Микки неуверенно смотрит на маму:
— В следующую субботу? В тот же день, что и праздник нашего двора у Оке?
Выражение маминого лица меняется.
— Черт!
— Им придется его отменить, — уверенно заявляет Петер.
Мама смотрит на него огорченно:
— Как же я могла об этом забыть?
— Думаю, Оке согласится перенести праздник, — предполагает вслух Микки, утрамбовывая сумки и пытаясь закрыть багажник.
— Пойдем поговорим с ним прямо сейчас, — предлагает Петер и поворачивается к Микки. — А вам там хорошо расслабиться! Пейте побольше местного пива, на Эланде оно на пару промилле покрепче.
Он смеется и тянет за собой маму на другую сторону улицы. Микки быстро скрывается у себя. Я иду следом и останавливаюсь возле калитки. Там, где есть щель между досками, через которую можно подсмотреть.
На веранде сидит Бьянка в лифчике и что-то пьет из бокала через соломинку. Открывается стеклянная дверь, кто-то выходит из дома. Я верчу головой, пытаясь рассмотреть, кто это. Ула. В зеленых кроксах. Усаживается рядом с Бьянкой.
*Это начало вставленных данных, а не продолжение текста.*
definition pair2 :: "real \<Rightarrow> real \<Rightarrow> nat \<Rightarrow> real" where
  "pair2 x y i = (if i = 1 then x else y)"

definition cnlf_a where "cnlf_a = pair2 0 1"
definition cnlf_b where "cnlf_b = pair2 0 1"
definition cnlf_bh where "cnlf_bh = pair2 2 0"
definition cnlf_bc where "cnlf_bc = pair2 1 1"

definition bdf2_a where "bdf2_a = pair2 (4/3) (-1/3)"
definition bdf2_b where "bdf2_b \<theta> = pair2 (4/3 - 2*\<theta>) (-2/3 + \<theta>)"
definition bdf2_bh where "bdf2_bh = pair2 (4/3) (-2/3)"
definition bdf2_bc where "bdf2_bc \<theta> = pair2 (4/3 - \<theta>) (-2/3 + \<theta>)"

definition adams2_a where "adams2_a = pair2 1 0"
definition adams2_b where "adams2_b \<theta> = pair2 (3/2 - 2*\<theta>) (-1/2 + \<theta>)"
definition adams2_bh where "adams2_bh = pair2 (3/2) (-1/2)"
definition adams2_bc where "adams2_bc \<theta> = pair2 (3/2 - \<theta>) (-1/2 + \<theta>)"

end

theory Submission
  imports Defs
begin

text \<open>With \<open>s = -(z1 + z2)\<close> and \<open>q = sqrt (z1 z2)\<close>, both coefficients of the
  characteristic polynomial share the positive denominator \<open>p = 1 + \<theta> s + \<theta>\<^sup>2 q\<^sup>2\<close>, so
  the Schur--Cohn criterion \<open>-1 < r2\<close>, \<open>\<bar>r1\<bar> \<le> 1 - r2\<close> becomes a pair of
  polynomial inequalities in \<open>s\<close>, \<open>q\<close> and the mixed symbol \<open>z0\<close>. The symbols
  satisfy \<open>2 q \<le> s\<close> (AM-GM) and \<open>\<bar>z0\<bar> \<le> 2 \<gamma> q\<close> (from the bound on the mixed
  coefficient and \<open>sin\<^sup>2 \<le> 2 (1 - cos)\<close>). On that region all inequalities are
  linear except one, which for the BDF2- and Adams2-type methods reduces to the
  nonnegativity of a quadratic in \<open>q\<close>; its discriminant condition is exactly the
  lower bound on \<open>\<theta>\<close>.\<close>

lemma real_root_abs_le_one:
  fixes x r1 r2 :: real
  assumes root: "x*x - r1*x - r2 = 0" and r2: "-1 < r2" and r1: "\<bar>r1\<bar> \<le> 1 - r2"
  shows "\<bar>x\<bar> \<le> 1"
proof -
  have "x \<ge> -1"
  proof (rule ccontr)
    assume "\<not> x \<ge> -1"
    then have "(-1 - x) * (1 - x + r1) > 0" using r1 r2 by (intro mult_pos_pos) auto
    then show False using root r1 by (simp add: algebra_simps)
  qed
  moreover have "x \<le> 1"
  proof (rule ccontr)
    assume "\<not> x \<le> 1"
    then have "(x - 1) * (x + 1 - r1) > 0" using r1 r2 by (intro mult_pos_pos) auto
    then show False using root r1 by (simp add: algebra_simps)
  qed
  ultimately show ?thesis by simp
qed

lemma char_poly_root_cmod:
  fixes r1 r2 :: real
  assumes z: "poly (char_poly r1 r2) z = 0" and r2: "-1 < r2" and r1: "\<bar>r1\<bar> \<le> 1 - r2"
  shows "cmod z \<le> 1 \<and> (cmod z = 1 \<longrightarrow> 2*z \<noteq> complex_of_real r1)"
proof -
  have eq: "z * z - r1 * z - r2 = 0" using z by (simp add: char_poly_def algebra_simps)
  have re: "Re z * Re z - Im z * Im z - r1 * Re z - r2 = 0" using arg_cong[OF eq, of Re] by simp
  have im: "Im z * (2 * Re z - r1) = 0"
    using arg_cong[OF eq, of Im] by (simp add: algebra_simps)
  show ?thesis
  proof (cases "Im z = 0")
    case False
    then have "r1 = 2 * Re z" using im by simp
    then have "(cmod z)^2 = - r2"
      unfolding cmod_power2 using re by (simp add: algebra_simps power2_eq_square)
    then have "(cmod z)^2 < 1" using r2 by simp
    then show ?thesis by (simp add: abs_square_less_1)
  next
    case True
    then have z_real: "z = complex_of_real (Re z)" by (simp add: complex_eq_iff)
    have "\<bar>Re z\<bar> \<le> 1" using re True r2 r1 by (intro real_root_abs_le_one) auto
    moreover have "2 * complex_of_real (Re z) \<noteq> complex_of_real r1" if "\<bar>Re z\<bar> = 1"
      using that r1 r2 of_real_eq_iff[of "2 * Re z" r1] by auto
    ultimately show ?thesis by (subst (1 2 3) z_real) auto
  qed
qed

lemma order_char_poly_eq_one:
  assumes z: "poly (char_poly r1 r2) z = 0" and "2*z \<noteq> complex_of_real r1"
  shows "order z (char_poly r1 r2) = 1"
proof -
  have "poly (pderiv (char_poly r1 r2)) z \<noteq> 0"
    using assms(2) by (simp add: char_poly_def pderiv_pCons algebra_simps)
  moreover have "char_poly r1 r2 \<noteq> 0" by (simp add: char_poly_def)
  ultimately show ?thesis using order_pderiv[OF _ z] order_0I by simp
qed

lemma root_condition_char_poly:
  fixes r1 r2 :: real
  assumes "-1 < r2" "\<bar>r1\<bar> \<le> 1 - r2"
  shows "root_condition (char_poly r1 r2)"
  unfolding root_condition_def
  using char_poly_root_cmod[OF _ assms] order_char_poly_eq_one by blast

lemma root_condition_char_poly_div:
  fixes p N1 N2 :: real
  assumes p: "0 < p" and "0 < p + N2" "\<bar>N1\<bar> \<le> p - N2"
  shows "root_condition (char_poly (N1/p) (N2/p))"
proof (rule root_condition_char_poly)
  show "-1 < N2/p" using assms by (simp add: field_simps)
  have "\<bar>N1/p\<bar> = \<bar>N1\<bar>/p" using p by simp
  also have "\<dots> \<le> (p - N2)/p" using assms by (simp add: divide_right_mono)
  also have "\<dots> = 1 - N2/p" using p by (simp add: diff_divide_distrib)
  finally show "\<bar>N1/p\<bar> \<le> 1 - N2/p" .
qed

lemma msc_coeff_eq:
  fixes \<theta> s q z0 z1 z2 :: real
  assumes \<theta>: "\<theta> \<noteq> 0" and bc: "bc 1 = b 1 + \<theta>" "bc 2 = b 2"
    and s: "s = -(z1 + z2)" and q: "z1 * z2 = q^2"
  shows "msc_coeff a b bh bc \<theta> 1 z0 z1 z2
           = (a 1 + bh 1 * z0 - b 1 * s + \<theta>^2 * q^2) / (1 + \<theta>*s + \<theta>^2 * q^2)"
    and "msc_coeff a b bh bc \<theta> 2 z0 z1 z2
           = (a 2 + bh 2 * z0 - b 2 * s) / (1 + \<theta>*s + \<theta>^2 * q^2)"
proof -
  have p: "(1 - \<theta>*z1) * (1 - \<theta>*z2) = 1 + \<theta>*s + \<theta>^2 * q^2"
    unfolding s q[symmetric] by (simp add: algebra_simps power2_eq_square)
  have step: "1 / \<theta> * c * (1 - (1 + \<theta>*s + \<theta>^2 * q^2)) = - c * (s + \<theta> * q^2)" for c
    using \<theta> by (simp add: field_simps power2_eq_square)
  show "msc_coeff a b bh bc \<theta> 1 z0 z1 z2
          = (a 1 + bh 1 * z0 - b 1 * s + \<theta>^2 * q^2) / (1 + \<theta>*s + \<theta>^2 * q^2)"
    unfolding msc_coeff_def Let_def p step unfolding s using bc
    by (simp add: algebra_simps power2_eq_square)
  show "msc_coeff a b bh bc \<theta> 2 z0 z1 z2
          = (a 2 + bh 2 * z0 - b 2 * s) / (1 + \<theta>*s + \<theta>^2 * q^2)"
    unfolding msc_coeff_def Let_def p step unfolding s using bc
    by (simp add: algebra_simps power2_eq_square)
qed

lemma sin_squared_le_two_one_minus_cos: "(sin x)^2 \<le> 2 * (1 - cos (x::real))"
proof -
  have "(sin x)^2 = (1 - cos x) * (1 + cos x)"
    by (simp add: sin_squared_eq power2_eq_square algebra_simps)
  also have "\<dots> \<le> (1 - cos x) * 2" using cos_le_one[of x] by (intro mult_left_mono) auto
  finally show ?thesis by simp
qed

lemma diffusion_symbol_bounds:
  fixes r d11 d12 d21 d22 \<gamma> \<phi>1 \<phi>2 :: real
  assumes d: "0 \<le> d11" "0 \<le> d22" and r: "0 < r" and \<gamma>: "0 \<le> \<gamma>"
    and mixed: "\<bar>d12 + d21\<bar> \<le> 2 * \<gamma> * sqrt (d11 * d22)"
  defines "z1 \<equiv> - 2 * r * d11 * (1 - cos \<phi>1)"
    and "z2 \<equiv> - 2 * r * d22 * (1 - cos \<phi>2)"
    and "z0 \<equiv> - r * (d12 + d21) * sin \<phi>1 * sin \<phi>2"
  shows "z1 \<le> 0" "z2 \<le> 0" "\<bar>z0\<bar> \<le> 2 * \<gamma> * sqrt (z1 * z2)"
proof -
  have c: "0 \<le> 1 - cos \<phi>1" "0 \<le> 1 - cos \<phi>2" using cos_le_one by auto
  show "z1 \<le> 0" "z2 \<le> 0" unfolding z1_def z2_def using d r c by simp_all
  have coeff: "(d12 + d21)^2 \<le> 4 * \<gamma>^2 * (d11 * d22)"
  proof -
    have "(d12 + d21)^2 = \<bar>d12 + d21\<bar>^2" by simp
    also have "\<dots> \<le> (2 * \<gamma> * sqrt (d11 * d22))^2" using mixed by (intro power_mono) auto
    also have "\<dots> = 4 * \<gamma>^2 * (d11 * d22)" using d by (simp add: power_mult_distrib)
    finally show ?thesis .
  qed
  have sines: "(sin \<phi>1)^2 * (sin \<phi>2)^2 \<le> (2 * (1 - cos \<phi>1)) * (2 * (1 - cos \<phi>2))"
    using c by (intro mult_mono sin_squared_le_two_one_minus_cos) auto
  have "z0^2 = r^2 * ((d12 + d21)^2 * ((sin \<phi>1)^2 * (sin \<phi>2)^2))"
    unfolding z0_def power_mult_distrib by (simp only: power2_minus mult_ac)
  also have "\<dots> \<le> r^2 * ((4 * \<gamma>^2 * (d11 * d22)) * ((2 * (1 - cos \<phi>1)) * (2 * (1 - cos \<phi>2))))"
    using d by (intro mult_left_mono mult_mono[OF coeff sines]) auto
  also have "\<dots> = (2 * \<gamma>)^2 * (z1 * z2)"
    unfolding z1_def z2_def by (simp add: power2_eq_square algebra_simps)
  finally have "sqrt (z0^2) \<le> sqrt ((2 * \<gamma>)^2 * (z1 * z2))" by (rule real_sqrt_le_mono)
  then show "\<bar>z0\<bar> \<le> 2 * \<gamma> * sqrt (z1 * z2)" using \<gamma> by (simp add: real_sqrt_mult)
qed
— Нас пригласили на сорокалетие, — сообщает Микки.
Я вижу только его спину.
— К Жаклин? — спрашивает Ула.
Бьянка как будто удивлена:
— Она пригласила нас?
— Она собирается позвать всех соседей, — объясняет Микки.
Бьянка вдруг вскакивает, кричит и размахивает руками:
— Фу! Убери его! Кыш!
Ее напугало что-то под столиком. И только когда Ула выгоняет его оттуда, я понимаю, что это голубь. Обычный маленький сизый голубь.
— Они омерзительны, — говорит Бьянка.
Странная она. Из кожи вон лезет, чтобы казаться сильной и уверенной, а на самом деле боится всего подряд. Мне жалко Микки.
— К сожалению, получилась накладка, — говорит он. — День рождения Жаклин выпадает на субботу, в которую Оке хочет устроить этот их праздник двора.
— Вот ведь черт, как всегда, — говорит Ула. — Вечно у нее так.
— Это просто совпадение, — произносит Микки.
— Отнюдь, — уверен Ула. — Жаклин такое любит.
Нет, не любит. Ула врет. Мама никогда не сделала бы это специально.
— Я не пойду к ней. Оке предупреждал всех заранее.
Он ревнует к Микки? Причина в этом. Ула тоже просек, что мама клеит Микки.
Хотя в последнее время он в основном бегает за Бьянкой.
Они друг другу подходят.
— Да, Оке, видимо, предупреждал заранее, — говорит Микки. — Жаклин наверняка просто забыла дату.
— Не думаю, — возражает Ула.
— В любом случае Оке был первым, — говорит Бьянка. — Ей придется перенести свой праздник.
Микки занимает нейтральную позицию:
— Вы делаете из этого слишком большую проблему. Я уверен, что все можно решить так, что никто не останется недоволен. Праздники — это же приятно, разве нет?
Мне становится жарко. Я прижимаюсь руками к забору, отворачиваюсь от щели и упираю взгляд в дерево.
Все линии бледнеют и размываются, я вижу перед собой отца. Он примерно такой же, как Микки. Простой и с большим сердцем. Сзади раздаются шаги, и я возвращаюсь в реальность.
— Что ты тут делаешь? — спрашивает меня Петер.
31. Mикаэль
— Что происходит?
Я распахиваю дверь в палату отделения реанимации, но Бьянки там нет.
— Она же пришла в себя. Вы сказали, что мы можем поехать домой, а ей нужно отдохнуть!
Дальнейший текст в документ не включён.